This guest post was written by Aaron Fisher (afisher@berkeley.edu) who is an Assistant Professor of Psychology and the Director of the Idiographic Dynamics Lab at the University of California, Berkeley. Aaron argues for a shift from nomothetic to idiographic research, and describes a new dataset he made publicly available for researchers to use that includes complete multivariate time-series for 40 participants.

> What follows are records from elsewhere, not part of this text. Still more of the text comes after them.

lemma ray_integral_integrable_norm_le:
  assumes "\<sigma> \<in> {-1, 1}" "0 \<le> \<phi>'" "\<phi>' \<le> pi / 6" "0 < c" "0 \<le> t"
    and "Re (p * ray_dir \<phi>' \<sigma>) \<le> 0"
  shows "(\<lambda>s. r_kernel p t (of_real c + of_real s * ray_dir \<phi>' \<sigma>) * ray_dir \<phi>' \<sigma>) integrable_on {0..}"
    and "norm (ray_integral \<phi>' \<sigma> p t c) \<le> 360 * exp (c * norm p) * c powr (- 1 / 3)"
proof -
  define m where "m = (\<lambda>s. 120 * exp (c * norm p) * (c + s) powr (- 4 / 3))"
  have m_integral: "(m has_integral 360 * exp (c * norm p) * c powr (- 1 / 3)) {0..}"
    using has_integral_mult_right[OF has_integral_powr_plus_to_inf[of "- 4 / 3" c], of "120 * exp (c * norm p)"]
      assms(4) by (simp add: m_def mult.assoc)
  have continuous: "continuous_on (ray_halfplane \<sigma>) (r_kernel p t)"
    using r_kernel_holomorphic[OF assms(5)] by (rule holomorphic_on_imp_continuous_on)
  have on_ray: "of_real c + of_real s * ray_dir \<phi>' \<sigma> \<in> ray_halfplane \<sigma>" if "0 \<le> s" for s
    using assms(1-4) that by (rule ray_point_in_halfplane)
  have bound: "norm (r_kernel p t (of_real c + of_real s * ray_dir \<phi>' \<sigma>)) \<le> m s" if "0 \<le> s" for s
    unfolding m_def using assms(1-4) that assms(5,6) by (rule norm_r_kernel_ray_le)
  note ray = integrable_on_ray[OF continuous on_ray bound has_integral_integrable[OF m_integral]]
  show "(\<lambda>s. r_kernel p t (of_real c + of_real s * ray_dir \<phi>' \<sigma>) * ray_dir \<phi>' \<sigma>) integrable_on {0..}"
    by (rule ray(1))
  show "norm (ray_integral \<phi>' \<sigma> p t c) \<le> 360 * exp (c * norm p) * c powr (- 1 / 3)"
    using ray(2) unfolding ray_integral_def norm_ray_dir[OF assms(1)] integral_unique[OF m_integral]
    by simp
qed

lemma ray_integral_diff:
  assumes "\<sigma> \<in> {-1, 1}" "0 \<le> \<phi>'" "\<phi>' \<le> pi / 6" "0 < a" "a \<le> b" "0 \<le> t"
    and "Re (p * ray_dir \<phi>' \<sigma>) \<le> 0"
  shows "ray_integral \<phi>' \<sigma> p t a - ray_integral \<phi>' \<sigma> p t b = integral {a..b} (\<lambda>x. r_kernel p t (of_real x))"
  unfolding ray_integral_def
proof (rule integral_parallel_rays_diff[OF open_ray_halfplane convex_ray_halfplane
      r_kernel_holomorphic[OF assms(6)] assms(5)])
  fix x s :: real
  assume "x \<in> {a..b}" "0 \<le> s"
  with assms show "of_real x + of_real s * ray_dir \<phi>' \<sigma> \<in> ray_halfplane \<sigma>"
    by (intro ray_point_in_halfplane) auto
  have "norm (r_kernel p t (of_real x + of_real s * ray_dir \<phi>' \<sigma>))
      \<le> 120 * exp (x * norm p) * (x + s) powr (- 4 / 3)"
    using \<open>x \<in> {a..b}\<close> \<open>0 \<le> s\<close> assms by (intro norm_r_kernel_ray_le) auto
  also have "\<dots> \<le> 120 * exp (b * norm p) * (a + s) powr (- 4 / 3)"
    using \<open>x \<in> {a..b}\<close> \<open>0 \<le> s\<close> assms(4)
    by (intro mult_mono powr_mono2' mult_left_mono) (auto intro: mult_right_mono)
  finally show "norm (r_kernel p t (of_real x + of_real s * ray_dir \<phi>' \<sigma>))
      \<le> 120 * exp (b * norm p) * (a + s) powr (- 4 / 3)" .
next
  have "((\<lambda>s. (a + s) powr (- 4 / 3)) has_integral 3 * a powr (- 1 / 3)) {0..}"
    using has_integral_powr_plus_to_inf[of "- 4 / 3" a] assms(4) by (simp add: mult.commute)
  hence "(\<lambda>s. (a + s) powr (- 4 / 3)) integrable_on {0..}"
    by blast
  then show "(\<lambda>s. 120 * exp (b * norm p) * (a + s) powr (- 4 / 3)) integrable_on {0..}"
    using integrable_on_cmult_left[of _ _ "120 * exp (b * norm p)"] by simp
  show "((\<lambda>s. 120 * exp (b * norm p) * (a + s) powr (- 4 / 3)) \<longlongrightarrow> 0) at_top"
    by (intro tendsto_mult_right_zero tendsto_powr_plus_at_top) simp
qed

lemma invLaplace_eq_ray_integrals:
  assumes "0 \<le> \<phi>'" "\<phi>' \<le> pi / 6" "0 < c" "0 \<le> t"
    and "Re (p * ray_dir \<phi>' 1) \<le> 0" "Re (p * ray_dir \<phi>' (- 1)) \<le> 0"
  shows "invLaplace c \<phi>' r_fun p t
    = 1 / (2 * of_real pi * \<i>) * (ray_integral \<phi>' 1 p t c - ray_integral \<phi>' (- 1) p t c)"
proof -
  define h where "h = (\<lambda>s. exp (p * contour_pt c \<phi>' s) * r_fun (contour_pt c \<phi>' s) t
    * (\<i> * exp (\<i> * of_real (\<phi>' * sgn s))))"
  define g where "g = (\<lambda>\<sigma> s. r_kernel p t (of_real c + of_real s * ray_dir \<phi>' \<sigma>) * ray_dir \<phi>' \<sigma>)"
  have h_eq: "h s = of_real (sgn s) * g (sgn s) \<bar>s\<bar>" if "s \<noteq> 0" for s
    unfolding h_def g_def r_kernel_def contour_pt_eq_ray[OF that] contour_factor_eq_ray_dir[OF that]
    by (simp add: ac_simps)
  have ray: "(g \<sigma> has_integral ray_integral \<phi>' \<sigma> p t c) {0..}"
    if "\<sigma> \<in> {-1, 1}" "Re (p * ray_dir \<phi>' \<sigma>) \<le> 0" for \<sigma>
    using ray_integral_integrable_norm_le(1)[OF that(1) assms(1-4) that(2)]
    unfolding g_def ray_integral_def by (rule integrable_integral)
  have upper: "(h has_integral ray_integral \<phi>' 1 p t c) {0..}"
  proof (rule has_integral_spike[OF negligible_sing[of 0] _ ray[of 1]])
    fix s :: real
    assume "s \<in> {0..} - {0}"
    hence "0 < s"
      by auto
    thus "h s = g 1 s"
      using h_eq[of s] by simp
  qed (use assms(5) in simp_all)
  have lower: "(h has_integral - ray_integral \<phi>' (- 1) p t c) {..0}"
  proof (rule has_integral_spike[OF negligible_sing[of 0]])
    have "((\<lambda>s. - g (- 1) s) has_integral - ray_integral \<phi>' (- 1) p t c) {0..}"
      using ray[of "- 1"] assms(6) by (intro has_integral_neg) simp
    from has_integral_reflect_image[OF this]
    show "((\<lambda>s. - g (- 1) (- s)) has_integral - ray_integral \<phi>' (- 1) p t c) {..0}"
      by simp
    fix s :: real
    assume "s \<in> {..0} - {0}"
    hence "s < 0"
      by auto
    thus "h s = - g (- 1) (- s)"
      using h_eq[of s] by simp
  qed
  from has_integral_split_at_0[OF upper lower]
  have "integral UNIV h = ray_integral \<phi>' 1 p t c - ray_integral \<phi>' (- 1) p t c"
    by (simp add: integral_unique)
  thus ?thesis
    unfolding invLaplace_def h_def by simp
qed

lemma ray_integral_difference_independent:
  assumes "0 \<le> \<phi>'" "\<phi>' \<le> pi / 6" "0 < a" "0 < b" "0 \<le> t"
    and "Re (p * ray_dir \<phi>' 1) \<le> 0" "Re (p * ray_dir \<phi>' (- 1)) \<le> 0"
  shows "ray_integral \<phi>' 1 p t a - ray_integral \<phi>' (- 1) p t a
       = ray_integral \<phi>' 1 p t b - ray_integral \<phi>' (- 1) p t b"
proof -
  have *: "ray_integral \<phi>' 1 p t x - ray_integral \<phi>' (- 1) p t x
      = ray_integral \<phi>' 1 p t y - ray_integral \<phi>' (- 1) p t y" if "0 < x" "x \<le> y" for x y
    using ray_integral_diff[of 1 \<phi>' x y t p] ray_integral_diff[of "- 1" \<phi>' x y t p] assms that
    by (simp add: algebra_simps)
  show ?thesis
  proof (cases "a \<le> b")
    case True
    with * assms(3) show ?thesis
      by blast
  next
    case False
    hence "b \<le> a"
      by simp
    with *[OF assms(4)] show ?thesis
      by simp
  qed
qed

lemma norm_le_optimal_abscissa:
  fixes v :: "'a::real_normed_vector"
  assumes "0 \<le> \<rho>" and bound: "\<And>c. 0 < c \<Longrightarrow> norm v \<le> K * exp (c * \<rho>) * c powr (- 1 / 3)"
  shows "norm v \<le> K * exp 1 * \<rho> powr (1 / 3)"
proof (cases "\<rho> = 0")
  case False
  with assms(1) have "norm v \<le> K * exp (1 / \<rho> * \<rho>) * (1 / \<rho>) powr (- 1 / 3)"
    by (intro bound) simp
  also have "\<dots> = K * exp 1 * \<rho> powr (1 / 3)"
    using False by (simp add: powr_divide powr_minus_divide)
  finally show ?thesis .
next
  case True
  have "((\<lambda>c. K * c powr (- 1 / 3 :: real)) \<longlongrightarrow> 0) at_top"
    using tendsto_powr_plus_at_top[of "- 1 / 3" 0] by (intro tendsto_mult_right_zero) simp
  moreover have "\<forall>\<^sub>F c in at_top. norm v \<le> K * c powr (- 1 / 3)"
    using eventually_gt_at_top[of 0]
  proof eventually_elim
    case (elim c)
    show ?case
      using bound[OF elim] True by simp
  qed
  ultimately have "norm v \<le> 0"
    by (rule tendsto_lowerbound) simp
  with True show ?thesis
    by simp
qed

As readers of this blog are likely aware, network analysis represents a new and exciting paradigm that holds the potential to better delineate the structure and dynamic organization of psychopathology. However, as I’ve written about elsewhere, the symptomatology of common psychiatric disorders is composed of time-varying phenomena, occurring within individuals. This presents sizable challenges to research generally, and network analysis specifically. Quite simply, time-varying phenomena can only be effectively observed through time-varying data collection and within-individual (i.e. idiographic) processes can only be uncovered via idiographic research methodologies. Peter Molenaar has written on these issues extensively and I encourage everyone to read his manifesto on idiographic science. To summarize his position, inter-individual variation and intra-individual variation are inherently unrelated, an assertion that Molenaar supports through mathematical proof. As a consequence, he argues, the burden of proof should fall on researchers to demonstrate that the nomothetic and idiographic are at least consonant – if not identical – if we want to generalize the former to the latter. Phenomena for which inter- and intra-individual processes (e.g. variance-covariance) are equivalent are known as ergodic. If a given statistical relationship exhibits the same relative strength and direction across both idiographic and nomothetic paradigms, then conclusions from one can be extrapolated to the other. However, Molenaar has argued that most psychological processes are unlikely to be ergodic. In fact, James Boswell and I found evidence that the well-known (and widely-replicated) positive correlation between depression and anxiety is not reliably reproduced within individuals, and may even exhibit a negative relationship over time (see Fisher & Boswell, 2016).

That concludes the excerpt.